TASK GOAL
Which of the lines below contain the string "unfolding"? Copy each one.

::: STUDY MATERIAL

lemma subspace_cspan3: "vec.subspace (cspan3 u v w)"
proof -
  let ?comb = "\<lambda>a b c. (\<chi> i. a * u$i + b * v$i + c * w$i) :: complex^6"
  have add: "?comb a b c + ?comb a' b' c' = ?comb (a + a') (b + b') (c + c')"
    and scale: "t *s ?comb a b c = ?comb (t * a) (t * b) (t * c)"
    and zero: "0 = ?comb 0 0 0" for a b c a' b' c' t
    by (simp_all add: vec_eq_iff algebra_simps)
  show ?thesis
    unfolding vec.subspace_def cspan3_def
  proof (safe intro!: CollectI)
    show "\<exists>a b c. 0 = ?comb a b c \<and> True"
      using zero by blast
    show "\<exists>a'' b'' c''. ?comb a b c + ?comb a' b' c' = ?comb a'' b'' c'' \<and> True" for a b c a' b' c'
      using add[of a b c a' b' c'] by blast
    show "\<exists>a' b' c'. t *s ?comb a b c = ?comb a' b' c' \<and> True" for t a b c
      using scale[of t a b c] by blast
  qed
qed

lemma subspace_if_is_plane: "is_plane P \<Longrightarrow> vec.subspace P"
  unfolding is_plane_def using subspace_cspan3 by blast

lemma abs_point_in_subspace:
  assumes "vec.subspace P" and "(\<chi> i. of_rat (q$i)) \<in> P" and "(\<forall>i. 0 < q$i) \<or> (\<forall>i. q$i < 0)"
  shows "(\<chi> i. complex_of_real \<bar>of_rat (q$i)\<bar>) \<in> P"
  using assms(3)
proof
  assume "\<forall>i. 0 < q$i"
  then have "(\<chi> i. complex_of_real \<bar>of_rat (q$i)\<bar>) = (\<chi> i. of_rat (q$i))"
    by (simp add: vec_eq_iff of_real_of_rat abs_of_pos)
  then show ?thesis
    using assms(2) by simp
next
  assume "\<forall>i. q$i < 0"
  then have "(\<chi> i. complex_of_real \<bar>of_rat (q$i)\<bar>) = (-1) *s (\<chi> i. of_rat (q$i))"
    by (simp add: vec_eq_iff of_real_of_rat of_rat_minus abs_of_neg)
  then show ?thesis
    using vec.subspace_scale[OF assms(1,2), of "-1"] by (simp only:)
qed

::::::

THE ANSWER
    unfolding vec.subspace_def cspan3_def
  unfolding is_plane_def using subspace_cspan3 by blast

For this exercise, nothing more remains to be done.